> **EXERCISE DESCRIPTION**:
Within this listing, how many lines include the word "forall"? Only the number should be given.

> **DATASET CONTENT**:
lemma dgm0_rips_eq_births_zero:
  assumes A: "\<forall>a\<in>#A. 0 < a"
    and betti: "\<And>t. 0 \<le> t \<Longrightarrow> betti0 TYPE('k::field) X d t = count_above A t"
  shows "dgm0 TYPE('k) X d = image_mset (Pair 0) A"
proof -
  have "rankH0 TYPE('k) (rips X d s) (rips X d t) = (if 0 \<le> s then count_above A t else 0)"
    if "s \<le> t" for s t
    using rankH0_rips[OF that, where 'k = 'k] betti[of t] that by simp
  then have "dgm0 TYPE('k) X d = (THE D. (\<forall>p\<in>#D. fst p < snd p) \<and>
      (\<forall>s t::real. s \<le> t \<longrightarrow> (if 0 \<le> s then count_above A t else 0) =
         size {#p \<in># D. fst p \<le> ereal s \<and> ereal t < snd p#}))"
    unfolding dgm0_def by simp
  also have "\<dots> = image_mset (Pair 0) A"
    using A barcode_eq_births_zero[of _ A] size_filter_births_zero[symmetric]
    by (intro the_equality) auto
  finally show ?thesis .
qed

end

theorem theorem4p14:
  fixes X :: "'a set" and dX :: "'a \<Rightarrow> 'a \<Rightarrow> real"
    and Y :: "'b set" and dY :: "'b \<Rightarrow> 'b \<Rightarrow> real"
  assumes "finite_metric_space X dX" and "finite_metric_space Y dY"
  shows "bottleneck_dist (dgm0 TYPE('k::field) X dX) (dgm0 TYPE('k) Y dY)
           \<le> interleaving_dist (betti0 TYPE('k) X dX) (betti0 TYPE('k) Y dY)"
proof -
  obtain A where A: "\<forall>a\<in>#A. 0 < a" "\<And>t. 0 \<le> t \<Longrightarrow> betti0 TYPE('k) X dX t = count_above A t"
    using betti0_rips_eq_count_above[OF assms(1), where 'k = 'k] by blast
  obtain B where B: "\<forall>b\<in>#B. 0 < b" "\<And>t. 0 \<le> t \<Longrightarrow> betti0 TYPE('k) Y dY t = count_above B t"
    using betti0_rips_eq_count_above[OF assms(2), where 'k = 'k] by blast
  have "bottleneck_dist (dgm0 TYPE('k) X dX) (dgm0 TYPE('k) Y dY)
      = bottleneck_dist (image_mset (Pair 0) A) (image_mset (Pair 0) B)"
    using dgm0_rips_eq_births_zero[OF assms(1) A] dgm0_rips_eq_births_zero[OF assms(2) B] by simp
  also have "\<dots> \<le> interleaving_dist (count_above A) (count_above B)"
    by (rule bottleneck_dist_births_zero_le[OF A(1) B(1)])
  also have "\<dots> = interleaving_dist (betti0 TYPE('k) X dX) (betti0 TYPE('k) Y dY)"
    using A(2) B(2) by (intro interleaving_dist_cong) simp_all
  finally show ?thesis .
qed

> **EXERCISE RESPONSE**:
5